Labels: factor, parsing

Thursday, March 5, 2009

Naive lookaround in a DFA

Note: If you don't understand what's below, read this for background on implementing regular expressions with DFAs.

I just implemented lookahead and lookbehind in the Factor regexp module. This lets you write regular expressions like /(?<=foo)bar/, to match "bar" when it's preceded by "foo". I couldn't think of a better way to do it for the general case, so I just did it the naive way. There should be a better way, though, because lookahead and lookbehind don't extend the set of possible strings matched. This algorithm isn't so good because it makes things worse than linear time in the general case.

For a lookahead or lookbehind clause, there is a little regular expression compiled. This regular expression annotates an epsilon transition. If I had an NFA interpreter, then the interpreter would just run the regular expression on the input string starting at the current point when it wants to know if it can use the epsilon transition. I'm using a DFA, so I needed to modify the subset construction to make this work.

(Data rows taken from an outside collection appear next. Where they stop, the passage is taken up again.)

(* Let $\mathfrak g$ be a real Lie algebra of dimension $4$ endowed with a generalized complex structure $(J,R,\sigma)$ of type $1$. Put $\mathfrak h=\operatorname{Im}R$ and $\mathfrak p=\ker\sigma$. Then $\mathfrak g=\mathfrak h\oplus\mathfrak p$. Moreover, for any basis $(e_1,e_2)$ of $\mathfrak h$ and any nonzero $e_3\in\mathfrak p$, setting $e_4=Je_3$, $(e_1,e_2,e_3,e_4)$ is a basis of $\mathfrak g$ and: 1. $J=\lambda(E_{11}+E_{22})+E_{34}-E_{43}$, $R=a\,e_{12}^{\#}$ and $\sigma=a^{-1}(1+\lambda^2)e^{12}_{\#}$ for some $\lambda\in\mathbb R$ and $a\neq0$. 2. There are real numbers $a_1,a_2,b_1,\dots,b_4,x_1,x_2,y_1,y_2,p_1,p_2,q_1,q_2,r_1,r_2$ such that the Lie brackets are $[e_1,e_2]=a_1e_1+a_2e_2$, $[e_3,e_4]=b_1e_1+b_2e_2+b_3e_3+b_4e_4$, $[e_1,e_3]=x_1e_3-y_1e_4-p_1e_1-r_1e_2$, $[e_1,e_4]=y_1e_3+x_1e_4-p_2e_1-r_2e_2$, $[e_2,e_3]=x_2e_3-y_2e_4-q_1e_1+p_1e_2$, $[e_2,e_4]=y_2e_3+x_2e_4-q_2e_1+p_2e_2$. 3. For brackets of the form in item 2, the Jacobi identity is equivalent to the system $a_1x_1+a_2x_2=0$, $a_1y_1+a_2y_2=0$, $a_1p_1+a_2q_1-p_1x_2+p_2y_2+q_1x_1-q_2y_1=0$, $a_1r_1-a_2p_1-p_1x_1+p_2y_1-r_1x_2+r_2y_2=0$, $a_1p_2+a_2q_2-p_1y_2-p_2x_2+q_1y_1+q_2x_1=0$, $a_1r_2-a_2p_2-p_1y_1-p_2x_1-r_1y_2-r_2x_2=0$, $a_1b_2-2b_1x_1-b_3p_1-b_4p_2+q_1r_2-q_2r_1=0$, $a_2b_2-2b_2x_1-b_3r_1-b_4r_2-2p_1r_2+2p_2r_1=0$, $-b_3x_1+b_4y_1+p_1y_1-p_2x_1+r_1y_2-r_2x_2=0$, $-b_3y_1-b_4x_1+p_1x_1+p_2y_1+r_1x_2+r_2y_2=0$, $-a_1b_1-2b_1x_2-b_3q_1-b_4q_2+2p_1q_2-2p_2q_1=0$, $-a_2b_1-2b_2x_2+b_3p_1+b_4p_2-q_1r_2+q_2r_1=0$, $-b_3x_2+b_4y_2-p_1y_2+p_2x_2+q_1y_1-q_2x_1=0$, $-b_3y_2-b_4x_2-p_1x_2-p_2y_2+q_1x_1+q_2y_1=0$.
   Context: Let $\mathfrak g$ be a real finite-dimensional Lie algebra, $\Phi(\mathfrak g)=\mathfrak g\oplus\mathfrak g^*$ with the neutral pairing $\langle u+\alpha,v+\beta\rangle=\tfrac12(\alpha(v)+\beta(u))$ and the bracket $[u+\alpha,v+\beta]=[u,v]+\mathrm{ad}_u^t\beta-\mathrm{ad}_v^t\alpha$, where $(\mathrm{ad}_u^t\alpha)(v)=-\alpha([u,v])$. A generalized complex structure on $\mathfrak g$ is an endomorphism $K$ of $\Phi(\mathfrak g)$ with $K^2=-\mathrm{Id}$, $\langle Ka,b\rangle+\langle a,Kb\rangle=0$ for all $a,b$, and vanishing Nijenhuis torsion $N_K(a,b)=[Ka,Kb]-K[Ka,b]-K[a,Kb]+K^2[a,b]$. Writing $K=\begin{pmatrix}J&R\\ \sigma&-J^*\end{pmatrix}$ with $J\in\mathrm{End}(\mathfrak g)$ and skew-symmetric $R:\mathfrak g^*\to\mathfrak g$, $\sigma:\mathfrak g\to\mathfrak g^*$, the triple $(J,R,\sigma)$ is also called a generalized complex structure on $\mathfrak g$. Its type is $\tfrac12\dim(\operatorname{Im}R)^0$ (annihilator); for $\dim\mathfrak g=4$, type $0$ means $R$ invertible, type $1$ means $\operatorname{rank}R=2$, type $2$ means $R=0$. Notation: for a basis $(e_i)$ with dual basis $(e^i)$, $E_{ij}$ is the endomorphism sending $e_j$ to $e_i$ and vanishing on $e_k$, $k\ne j$; $e_{ij}=e_i\wedge e_j$, $e^{ij}=e^i\wedge e^j$; for $\pi\in\wedge^2\mathfrak g$, $\pi^\#:\mathfrak g^*\to\mathfrak g$ is defined by $\beta(\pi^\#(\alpha))=\pi(\alpha,\beta)$; for $\omega\in\wedge^2\mathfrak g^*$, $\omega_\#:\mathfrak g\to\mathfrak g^*$ is $u\mapsto i_u\omega$. Thus $e_{12}^\#=(e_1\wedge e_2)^\#$ and $e^{12}_\#=(e^1\wedge e^2)_\#$. *)

theory Defs
  imports "HOL-Analysis.Analysis"
begin

definition lie_algebra :: "('a::real_vector \<Rightarrow> 'a \<Rightarrow> 'a) \<Rightarrow> bool" where
  "lie_algebra br \<longleftrightarrow> bilinear br \<and> (\<forall>u. br u u = 0) \<and>
     (\<forall>u v w. br u (br v w) + br v (br w u) + br w (br u v) = 0)"

type_synonym 'a phi = "'a \<times> ('a \<Rightarrow> real)"

definition in_Phi :: "'a::real_vector phi \<Rightarrow> bool" where
  "in_Phi p \<longleftrightarrow> linear (snd p)"

definition phi_add :: "'a::real_vector phi \<Rightarrow> 'a phi \<Rightarrow> 'a phi" where
  "phi_add p q = (fst p + fst q, \<lambda>w. snd p w + snd q w)"

definition phi_scale :: "real \<Rightarrow> 'a::real_vector phi \<Rightarrow> 'a phi" where
  "phi_scale c p = (c *\<^sub>R fst p, \<lambda>w. c * snd p w)"

definition phi_neg :: "'a::real_vector phi \<Rightarrow> 'a phi" where
  "phi_neg p = phi_scale (-1) p"

definition phi_zero :: "'a::real_vector phi" where
  "phi_zero = (0, \<lambda>w. 0)"

definition phi_pair :: "'a::real_vector phi \<Rightarrow> 'a phi \<Rightarrow> real" where
  "phi_pair p q = (snd p (fst q) + snd q (fst p)) / 2"

definition ad_t :: "('a::real_vector \<Rightarrow> 'a \<Rightarrow> 'a) \<Rightarrow> 'a \<Rightarrow> ('a \<Rightarrow> real) \<Rightarrow> ('a \<Rightarrow> real)" where
  "ad_t br u \<beta> = (\<lambda>v. - \<beta> (br u v))"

What needs to be modified is the procedure to get the epsilon closure of an NFA state. Instead of returning a set of NFA states, this procedure should return a set of states and the conditions for reaching each state. Usually, there will be no conditions, but sometimes there will be a conjunction or disjunction of lookarounds. It could be the conjunction in regular expression like /(?<=foo)(?=...bar)baz/, and it could be the disjunction in a regular expression like /((?<=foo)|(?=...bar))bar/, and since I'm trying to be fully general, all of this is supported.

The epsilon closure procedure is usually something like this*. Start with your state on a list, and look at all of the epsilon transitions outwards. Add these to your list. Now, if anything on your list has more epsilon transitions outwards, add these to your list. Keep going until there's nothing to add.

With the modification: Start with your state on a list, with the associated information that there are no conditions that have to be met for it. Then, look at all of the outward epsilon transitions from all the states on your list. For each new transition that you're considering, the requirement to get from the original state to the target of the transition is to meet the requirement of the source, plus the requirement of the transition. If you already had a way to get to the target of the transition, then now there are two conditions, and either one can be used. Keep repeating this until examining epsilon transitions doesn't change anything.

Now, a little post-processing can turn the result of this into a bunch of nested conditionals, which can quickly tell you what states you can get to given which conditions are met. In the usual case, where there are no conditions, this tree is just a single leaf, a list of states. From here, transitions in the DFA go not to sets of states but to trees of conditions and states. The start state is also one of these trees.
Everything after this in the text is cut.